Start of Source material

lemma mu_Pi_top_eq_prod_tree_edges:
  assumes pf: "priority_forest n E"
  defines "L \<equiv> length (forest_roots n E)"
  shows "mu_Pi n (Some E) None = (-1) ^ L * (\<Prod>k < L - 1. int (tree_edges n E k))"
proof -
  let ?R = "forest_roots n E"
  let ?f = "\<lambda>c. 1 - int (card (bridge_parents n E c))"
  obtain l where l: "L = Suc l"
    using forest_roots_first(1)[OF pf] unfolding L_def by (cases ?R) auto
  have "mu_Pi n (Some E) None = - (\<Prod>k < Suc l. ?f (?R ! k))"
    using mu_Pi_top[OF pf] prod.reindex_bij_betw[OF bij_betw_nth[of ?R], of "{..<Suc l}" _ ?f] l
    unfolding L_def by (simp add: forest_roots_eq)
  also have "\<dots> = - (?f (?R ! 0) * (\<Prod>k < l. ?f (?R ! Suc k)))"
    by (simp only: prod.lessThan_Suc_shift)
  also have "\<dots> = - (\<Prod>k < l. - int (tree_edges n E k))"
  proof -
    have "?f (?R ! Suc k) = - int (tree_edges n E k)" if "k < l" for k
      using card_bridge_parents_nth_root[OF pf, of k] that l unfolding L_def by simp
    then show ?thesis
      using forest_roots_first(2)[OF pf] by (simp add: bridge_parents_zero)
  qed
  also have "\<dots> = (-1) ^ Suc l * (\<Prod>k < l. int (tree_edges n E k))"
    by (simp add: prod_uminus)
  finally show ?thesis
    using l by simp
qed
text \<open>Robbin-Salamon index of a path of lines Lambda(t) (in R^2) relative to the line R = R x 0,
  computed from a continuous angle lift th of Lambda: each passage of th through a multiple of
  pi counts +1 (counterclockwise) or -1, endpoint crossings count 1/2.
  rs_step x = (floor(x/pi) + ceiling(x/pi))/2.\<close>
definition rs_step :: "real \<Rightarrow> real" where
  "rs_step x = (of_int \<lfloor>x / pi\<rfloor> + of_int \<lceil>x / pi\<rceil>) / 2"

text \<open>mu_RS(Psi|[a,b] R, R): the line Psi(t) R is spanned by Psi(t) e1.\<close>
definition mu_RS_R :: "(real \<Rightarrow> real^2^2) \<Rightarrow> real \<Rightarrow> real \<Rightarrow> real" where
  "mu_RS_R \<Psi> a b = (THE r. \<exists>th. angle_lift \<Psi> (axis 1 1) a b th \<and>
                          r = rs_step (th b) - rs_step (th a))"

end

theory Submission
  imports Defs
begin

text \<open>Let Theta(t, phi) be the continuous angle of Psi(t) (cos phi, sin phi) with Theta(0, phi) = phi.
  For fixed t, phi \<mapsto> Theta(t, phi) is a strictly increasing lift of a circle map, so the windings
  (Theta(T, phi) - phi) / 2pi of Psi on [0, T] form a connected set of diameter less than 1, while
  mu_RS of Psi on [0, T/2] is read off from Theta(T/2, 0). The loop property and the reflection
  symmetry give Theta(T/2, -Theta(T, 0)) = -Theta(T/2, 0), and by monotonicity Theta(T/2, 0) / pi and
  the winding x = Theta(T, 0) / 2pi then lie in the same cell of the integer lattice: they are the
  same integer, or both lie in the same open interval (k, k + 1). Hence 2 mu_RS = floor x + ceiling x,
  and mu_CZ differs from this by at most one, with equality when x is an integer.\<close>

lemma vec2_eq_iff: "(x::real^2) = y \<longleftrightarrow> x$1 = y$1 \<and> x$2 = y$2"
  by (simp add: vec_eq_iff forall_2)

lemma norm_vec2: "norm (x::real^2) = sqrt ((x$1)\<^sup>2 + (x$2)\<^sup>2)"
  by (simp add: norm_vec_def L2_set_def sum_2)

lemma unitvec_nth [simp]: "unitvec \<theta> $ 1 = cos \<theta>" "unitvec \<theta> $ 2 = sin \<theta>"
  by (simp_all add: unitvec_def)

lemma norm_unitvec [simp]: "norm (unitvec \<theta>) = 1"
  by (simp add: norm_vec2)

lemma unitvec_nonzero [simp]: "unitvec \<theta> \<noteq> 0"
  using norm_unitvec[of \<theta>] by force

lemma sgn_unitvec [simp]: "sgn (unitvec \<theta>) = unitvec \<theta>"
  by (simp add: sgn_div_norm)

lemma unitvec_eq_iff: "unitvec a = unitvec b \<longleftrightarrow> (\<exists>m::int. a = b + 2*pi*m)"
  using sin_cos_eq_iff[of a b] by (auto simp: vec2_eq_iff)

lemma unitvec_add_2pi_multiple [simp]: "unitvec (a + 2*pi * of_int m) = unitvec a"
  by (auto simp: unitvec_eq_iff)

lemma sgn_eq_unitvec:
  assumes "(v::real^2) \<noteq> 0"
  obtains \<phi> where "sgn v = unitvec \<phi>"
proof -
  have "(sgn v $ 1)\<^sup>2 + (sgn v $ 2)\<^sup>2 = 1"
    using assms norm_sgn[of v] by (simp add: norm_vec2)
  then obtain \<phi> where "sgn v $ 1 = cos \<phi>" "sgn v $ 2 = sin \<phi>"
    by (rule sincos_total_2pi)
  then show ?thesis
    using that by (simp add: vec2_eq_iff)
qed

lemma eq_norm_scaleR_unitvec_iff:
  assumes "(x::real^2) \<noteq> 0"
  shows "x = norm x *\<^sub>R unitvec \<theta> \<longleftrightarrow> unitvec \<theta> = sgn x"
  using assms by (metis divideR_right norm_eq_zero sgn_div_norm)

lemma Irefl_unitvec: "Irefl *v unitvec \<theta> = unitvec (- \<theta>)"
  by (simp add: vec2_eq_iff Irefl_def matrix_vector_mult_def sum_2)

lemma sgn_Irefl: "sgn (Irefl *v x) = Irefl *v sgn x"
proof -
  have "norm (Irefl *v x) = norm x"
    by (simp add: norm_vec2 Irefl_def matrix_vector_mult_def sum_2)
  then show ?thesis
    by (simp add: sgn_div_norm matrix_vector_mult_scaleR)
qed

lemma det_symplectic2: "symplectic2 A \<Longrightarrow> det A = 1"
  unfolding symplectic2_def
  by (drule arg_cong[where f = "\<lambda>M. M $ 1 $ 2"])
     (simp add: matrix_matrix_mult_def sum_2 transpose_def J0_def det_2 algebra_simps)

lemma continuous_angles_diff_constant:
  fixes f g :: "'a::topological_space \<Rightarrow> real"
  assumes "connected S" "continuous_on S f" "continuous_on S g"
    and same_direction: "\<And>x. x \<in> S \<Longrightarrow> unitvec (f x) = unitvec (g x)"
    and "x \<in> S" "y \<in> S"
  shows "f x - g x = f y - g y"
proof -
  have "(\<lambda>x. f x - g x) constant_on S"
  proof (rule continuous_discrete_range_constant)
    show "continuous_on S (\<lambda>x. f x - g x)"
      by (intro continuous_intros assms)
    fix x assume "x \<in> S"
    show "\<exists>e>0. \<forall>y. y \<in> S \<and> f y - g y \<noteq> f x - g x \<longrightarrow> e \<le> norm (f y - g y - (f x - g x))"
    proof (intro exI[of _ "2*pi"] conjI allI impI)
      fix y assume y: "y \<in> S \<and> f y - g y \<noteq> f x - g x"
      obtain m n :: int where "f x = g x + 2*pi*m" "f y = g y + 2*pi*n"
        using same_direction[OF \<open>x \<in> S\<close>] same_direction[of y] y by (auto simp: unitvec_eq_iff)
      moreover from this have "1 \<le> \<bar>real_of_int n - real_of_int m\<bar>"
        using y by auto
      ultimately show "2*pi \<le> norm (f y - g y - (f x - g x))"
        by (simp add: abs_mult flip: right_diff_distrib)
    qed simp
  qed fact
  then show ?thesis
    using assms by (auto simp: constant_on_def)
qed

lemma continuous_inj_lift_imp_strict_mono:
  fixes f :: "real \<Rightarrow> real"
  assumes "continuous_on UNIV f" "inj f" and lift: "\<And>x. f (x + 2*pi) = f x + 2*pi"
  shows "strict_mono f"
proof (rule strict_monoI)
  fix x y :: real assume "x < y"
  have "y < y + 2*pi" by simp
  from continuous_inj_imp_mono[OF \<open>x < y\<close> this
      continuous_on_subset[OF assms(1)] inj_on_subset[OF assms(2)]]
  show "f x < f y"
    using lift[of y] by auto
qed

lemma lift_displacement_diff_less:
  fixes f :: "real \<Rightarrow> real"
  assumes mono: "strict_mono f" and lift: "\<And>x m. f (x + 2*pi * of_int m) = f x + 2*pi * of_int m"
  shows "\<bar>(f a - a) - (f b - b)\<bar> < 2*pi"
proof -
  define m where "m = \<lfloor>(b - a) / (2*pi)\<rfloor>"
  define b' where "b' = b - 2*pi*m"
  have "of_int m \<le> (b - a) / (2*pi)" "(b - a) / (2*pi) < of_int m + 1"
    unfolding m_def by linarith+
  then have "a \<le> b'" "b' < a + 2*pi"
    by (simp_all add: b'_def field_simps)
  then have "f a \<le> f b'" "f b' < f (a + 2*pi)"
    using strict_mono_less_eq[OF mono] strict_mono_less[OF mono] by auto
  moreover have "f (a + 2*pi) = f a + 2*pi"
    using lift[of a 1] by simp
  moreover have "f b = f b' + 2*pi*m"
    using lift[of b' m] by (simp add: b'_def)
  ultimately show ?thesis
    using \<open>a \<le> b'\<close> \<open>b' < a + 2*pi\<close> by (simp add: b'_def)
qed

text \<open>Since g(-2 pi k) = g(0) - 2 pi k, comparing g(0) with k pi amounts to comparing
  g(-F) = -g(0) with g(-2 pi k), that is, -F with -2 pi k.\<close>

lemma odd_lift_same_integer_comparisons:
  fixes g :: "real \<Rightarrow> real"
  assumes mono: "strict_mono g" and lift: "\<And>x m. g (x + 2*pi * of_int m) = g x + 2*pi * of_int m"
    and odd: "g (- F) = - g 0"
  shows "of_int k \<le> g 0 / pi \<longleftrightarrow> of_int k \<le> F / (2*pi)"
    and "of_int k < g 0 / pi \<longleftrightarrow> of_int k < F / (2*pi)"
proof -
  have g_k: "g (- 2*pi*k) = g 0 - 2*pi*k"
    using lift[of 0 "-k"] by simp
  have "of_int k \<le> g 0 / pi \<longleftrightarrow> g (- F) \<le> g (- 2*pi*k)"
    unfolding g_k odd by (simp add: field_simps)
  also have "\<dots> \<longleftrightarrow> of_int k \<le> F / (2*pi)"
    by (simp add: strict_mono_less_eq[OF mono] field_simps)
  finally show "of_int k \<le> g 0 / pi \<longleftrightarrow> of_int k \<le> F / (2*pi)" .
  have "of_int k < g 0 / pi \<longleftrightarrow> g (- F) < g (- 2*pi*k)"
    unfolding g_k odd by (simp add: field_simps)
  also have "\<dots> \<longleftrightarrow> of_int k < F / (2*pi)"
    by (simp add: strict_mono_less[OF mono] field_simps)
  finally show "of_int k < g 0 / pi \<longleftrightarrow> of_int k < F / (2*pi)" .
qed

lemma floor_ceiling_eq_if_same_integer_comparisons:
  fixes x y :: real
  assumes "\<And>k::int. of_int k \<le> x \<longleftrightarrow> of_int k \<le> y" "\<And>k::int. of_int k < x \<longleftrightarrow> of_int k < y"
  shows "\<lfloor>x\<rfloor> = \<lfloor>y\<rfloor>" "\<lceil>x\<rceil> = \<lceil>y\<rceil>"
proof -
  show "\<lfloor>x\<rfloor> = \<lfloor>y\<rfloor>"
    by (metis antisym assms(1) le_floor_iff order_refl)
  show "\<lceil>x\<rceil> = \<lceil>y\<rceil>"
    by (metis antisym assms(2) ceiling_le_iff not_le order_refl)
qed

lemma rs_step_add_2pi_multiple: "rs_step (x + 2*pi * of_int m) = rs_step x + 2 * of_int m"
proof -
  have shift: "(x + 2*pi * of_int m) / pi = x / pi + of_int (2*m)"
    by (simp add: field_simps)
  show ?thesis
    unfolding rs_step_def shift floor_add_int ceiling_add_of_int by simp
qed

lemma rs_step_0 [simp]: "rs_step 0 = 0"
  by (simp add: rs_step_def)
lemma weak_base_openinD:
  assumes "weak_base X \<B>" "openin X U" "x \<in> U"
  obtains V where "V \<in> \<B> x" "V \<subseteq> U"
proof -
  have "\<forall>y \<in> U. \<exists>V \<in> \<B> y. V \<subseteq> U"
    using assms(1,2) openin_subset[OF assms(2)] unfolding weak_base_def by blast
  with assms(3) that show thesis
    by blast
qed

lemma weak_base_openinI:
  assumes "weak_base X \<B>" "U \<subseteq> topspace X" "\<And>x. x \<in> U \<Longrightarrow> \<exists>V \<in> \<B> x. V \<subseteq> U"
  shows "openin X U"
  using assms unfolding weak_base_def by blast

lemma weak_base_memberD:
  assumes "weak_base X \<B>" "x \<in> topspace X" "V \<in> \<B> x"
  shows "x \<in> V" "V \<subseteq> topspace X"
  using assms unfolding weak_base_def by auto

lemma accessibility_weak_base_in_interior:
  assumes acc: "accessibility_space X" and wb: "weak_base X \<B>"
    and x: "x \<in> topspace X" and V: "V \<in> \<B> x"
  shows "x \<in> X interior_of V"
proof (rule ccontr)
  assume "x \<notin> X interior_of V"
  then have "x \<in> X closure_of ((topspace X - V) - {x})"
    using x weak_base_memberD(1)[OF wb x V] by (simp add: interior_of_closure_of Diff_triv)
  then obtain F U where F: "closedin X F" "x \<in> X closure_of (F - {x})"
    and U: "openin X U" "x \<in> U" "U \<inter> (F - {x}) \<subseteq> topspace X - V"
    by (rule accessibility_spaceE[OF acc])
  obtain V1 where V1: "V1 \<in> \<B> x" "V1 \<subseteq> U"
    using wb U(1,2) by (rule weak_base_openinD)
  have "filter_base (\<B> x)"
    using wb x unfolding weak_base_def by blast
  then obtain V0 where V0: "V0 \<in> \<B> x" "V0 \<subseteq> V \<inter> V1"
    using V V1(1) unfolding filter_base_def by blast
  have "openin X (topspace X - (F - {x}))"
  proof (rule weak_base_openinI[OF wb])
    fix y assume y: "y \<in> topspace X - (F - {x})"
    show "\<exists>W \<in> \<B> y. W \<subseteq> topspace X - (F - {x})"
    proof (cases "y = x")
      case True
      have "V0 \<inter> (F - {x}) = {}"
        using V0(2) V1(2) U(3) by blast
      then show ?thesis
        using True V0(1) weak_base_memberD(2)[OF wb x V0(1)] by blast
    next
      case False
      have "openin X (topspace X - F)" "y \<in> topspace X - F"
        using F(1) y False by auto
      then obtain W where "W \<in> \<B> y" "W \<subseteq> topspace X - F"
        by (rule weak_base_openinD[OF wb])
      then show ?thesis
        by blast
    qed
  qed auto
  moreover have "F - {x} \<subseteq> topspace X"
    using closedin_subset[OF F(1)] by blast
  ultimately have "closedin X (F - {x})"
    unfolding closedin_def by (intro conjI)
  with closure_of_punctured_not_closedin[OF F(2)] show False
    by contradiction
qed

lemma accessibility_weak_base_closure_of:
  assumes acc: "accessibility_space X" and wb: "weak_base X \<B>" and x: "x \<in> topspace X"
  shows "x \<in> X closure_of A \<longleftrightarrow> (\<forall>V \<in> \<B> x. V \<inter> A \<noteq> {})"
proof
  assume x_cl: "x \<in> X closure_of A"
  show "\<forall>V \<in> \<B> x. V \<inter> A \<noteq> {}"
  proof
    fix V assume "V \<in> \<B> x"
    then have "x \<in> X interior_of V"
      by (rule accessibility_weak_base_in_interior[OF acc wb x])
    moreover have "openin X (X interior_of V)"
      by simp
    ultimately obtain a where "a \<in> A" "a \<in> X interior_of V"
      using x_cl by (meson in_closure_of)
    then show "V \<inter> A \<noteq> {}"
      using interior_of_subset[of X V] by blast
  qed
next
  assume meets: "\<forall>V \<in> \<B> x. V \<inter> A \<noteq> {}"
  have "\<exists>y. y \<in> A \<and> y \<in> T" if T: "openin X T" "x \<in> T" for T
  proof -
    obtain V where "V \<in> \<B> x" "V \<subseteq> T"
      using weak_base_openinD[OF wb T] .
    then show ?thesis
      using meets by blast
  qed
  with x show "x \<in> X closure_of A"
    unfolding in_closure_of by blast
qed

theorem accessibility_countable_S0_character_imp_first_countable:
  assumes acc: "accessibility_space X" and "countable_S0_character X"
  shows "first_countable X"
proof -
  obtain \<B> where wb: "weak_base X \<B>" and countable: "\<forall>x \<in> topspace X. countable (\<B> x)"
    using assms(2) unfolding countable_S0_character_def by blast
  show ?thesis
    unfolding first_countable_def
  proof
    fix x assume x: "x \<in> topspace X"
    let ?\<N> = "(\<lambda>V. X interior_of V) ` \<B> x"
    have "countable ?\<N>"
      using countable x by simp
    moreover have "\<forall>W \<in> ?\<N>. openin X W"
      by simp
    moreover have "\<forall>U. openin X U \<and> x \<in> U \<longrightarrow> (\<exists>W \<in> ?\<N>. x \<in> W \<and> W \<subseteq> U)"
    proof (intro allI impI, elim conjE)
      fix U assume U: "openin X U" "x \<in> U"
      obtain V where V: "V \<in> \<B> x" "V \<subseteq> U"
        using weak_base_openinD[OF wb U] .
      have "X interior_of V \<in> ?\<N>"
        using V(1) by (rule imageI)
      moreover have "x \<in> X interior_of V"
        using accessibility_weak_base_in_interior[OF acc wb x V(1)] .
      moreover have "X interior_of V \<subseteq> U"
        using interior_of_subset V(2) by (rule order_trans)
      ultimately show "\<exists>W \<in> ?\<N>. x \<in> W \<and> W \<subseteq> U"
        by blast
    qed
    ultimately show "\<exists>\<N>. countable \<N> \<and> (\<forall>W \<in> \<N>. openin X W) \<and>
                 (\<forall>U. openin X U \<and> x \<in> U \<longrightarrow> (\<exists>W \<in> \<N>. x \<in> W \<and> W \<subseteq> U))"
      by (intro exI[of _ ?\<N>] conjI)
  qed
qed

lemma symmetrizable_balls_weak_base:
  assumes d: "semimetric_on (topspace X) d"
    and open_iff: "\<forall>W. W \<subseteq> topspace X \<longrightarrow>
           (openin X W \<longleftrightarrow> (\<forall>x \<in> W. \<exists>\<epsilon>>0. sball (topspace X) d x \<epsilon> \<subseteq> W))"
  shows "weak_base X (\<lambda>x. {sball (topspace X) d x \<epsilon> | \<epsilon>. \<epsilon> > 0})"
  unfolding weak_base_def
proof (intro conjI ballI allI impI)
  fix x assume x: "x \<in> topspace X"
  show "filter_base {sball (topspace X) d x \<epsilon> | \<epsilon>. \<epsilon> > 0}"
    unfolding filter_base_def
  proof (intro conjI ballI)
    show "{sball (topspace X) d x \<epsilon> | \<epsilon>. \<epsilon> > 0} \<noteq> {}"
      using zero_less_one by blast
    fix V1 V2 assume "V1 \<in> {sball (topspace X) d x \<epsilon> | \<epsilon>. \<epsilon> > 0}"
      and "V2 \<in> {sball (topspace X) d x \<epsilon> | \<epsilon>. \<epsilon> > 0}"
    then obtain \<epsilon> \<delta> where "\<epsilon> > 0" "\<delta> > 0"
      and V12: "V1 = sball (topspace X) d x \<epsilon>" "V2 = sball (topspace X) d x \<delta>"
      by blast
    then have "sball (topspace X) d x (min \<epsilon> \<delta>) \<in> {sball (topspace X) d x \<epsilon> | \<epsilon>. \<epsilon> > 0}"
      by (intro CollectI exI[of _ "min \<epsilon> \<delta>"]) simp
    moreover have "sball (topspace X) d x (min \<epsilon> \<delta>) \<subseteq> V1 \<inter> V2"
      unfolding V12 sball_def by auto
    ultimately show "\<exists>V3 \<in> {sball (topspace X) d x \<epsilon> | \<epsilon>. \<epsilon> > 0}. V3 \<subseteq> V1 \<inter> V2"
      by blast
  qed
  fix V assume "V \<in> {sball (topspace X) d x \<epsilon> | \<epsilon>. \<epsilon> > 0}"
  then obtain \<epsilon> where "\<epsilon> > 0" "V = sball (topspace X) d x \<epsilon>"
    by blast
  moreover have "d x x = 0"
    using d x unfolding semimetric_on_def by blast
  ultimately show "x \<in> V" "V \<subseteq> topspace X"
    using x unfolding sball_def by auto
next
  fix U assume "U \<subseteq> topspace X"
  moreover have "(\<exists>V \<in> {sball (topspace X) d y \<epsilon> | \<epsilon>. \<epsilon> > 0}. V \<subseteq> U) \<longleftrightarrow>
      (\<exists>\<epsilon>>0. sball (topspace X) d y \<epsilon> \<subseteq> U)" for y
    by blast
  ultimately show "openin X U \<longleftrightarrow>
      (\<forall>x \<in> U. \<exists>V \<in> {sball (topspace X) d x \<epsilon> | \<epsilon>. \<epsilon> > 0}. V \<subseteq> U)"
    using open_iff by simp
qed

theorem accessibility_symmetrizable_imp_semimetrizable:
  assumes acc: "accessibility_space X" and "symmetrizable X"
  shows "semimetrizable X"
proof -
  obtain d where d: "semimetric_on (topspace X) d"
    and open_iff: "\<forall>W. W \<subseteq> topspace X \<longrightarrow>
           (openin X W \<longleftrightarrow> (\<forall>x \<in> W. \<exists>\<epsilon>>0. sball (topspace X) d x \<epsilon> \<subseteq> W))"
    using assms(2) unfolding symmetrizable_def by blast
  note closure_iff = accessibility_weak_base_closure_of[OF acc symmetrizable_balls_weak_base[OF d open_iff]]
  show ?thesis
    unfolding semimetrizable_def
  proof (intro exI[of _ d] conjI ballI allI impI)
    fix x A assume x: "x \<in> topspace X" and A: "A \<subseteq> topspace X"
    have "(\<forall>V \<in> {sball (topspace X) d x \<epsilon> | \<epsilon>. \<epsilon> > 0}. V \<inter> A \<noteq> {}) \<longleftrightarrow>
        (\<forall>\<epsilon>>0. sball (topspace X) d x \<epsilon> \<inter> A \<noteq> {})"
      by blast
    moreover have "sball (topspace X) d x \<epsilon> \<inter> A \<noteq> {} \<longleftrightarrow> (\<exists>a \<in> A. d x a < \<epsilon>)" for \<epsilon>
      using A unfolding sball_def by blast
    ultimately show "x \<in> X closure_of A \<longleftrightarrow> (\<forall>\<epsilon>>0. \<exists>a \<in> A. d x a < \<epsilon>)"
      using closure_iff[OF x] by simp
  qed (rule d)
qed

theorem corollary4p3:
  fixes X :: "'a topology"
  assumes "accessibility_space X"
  shows "(sequential_space X \<longrightarrow> frechet_space X) \<and>
         (countable_S0_character X \<longrightarrow> first_countable X) \<and>
         (symmetrizable X \<longrightarrow> semimetrizable X)"
  using assms accessibility_sequential_imp_frechet
    accessibility_countable_S0_character_imp_first_countable
    accessibility_symmetrizable_imp_semimetrizable
  by blast

end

End of Source material

What you will do:
When you reach the line holding "y \<longleftrightarrow> x$1" in the records above, begin reproducing exactly, stop after the line holding "by (simp add: norm_vec_def", and output nothing else.

Task result:
lemma vec2_eq_iff: "(x::real^2) = y \<longleftrightarrow> x$1 = y$1 \<and> x$2 = y$2"
  by (simp add: vec_eq_iff forall_2)

lemma norm_vec2: "norm (x::real^2) = sqrt ((x$1)\<^sup>2 + (x$2)\<^sup>2)"
  by (simp add: norm_vec_def L2_set_def sum_2)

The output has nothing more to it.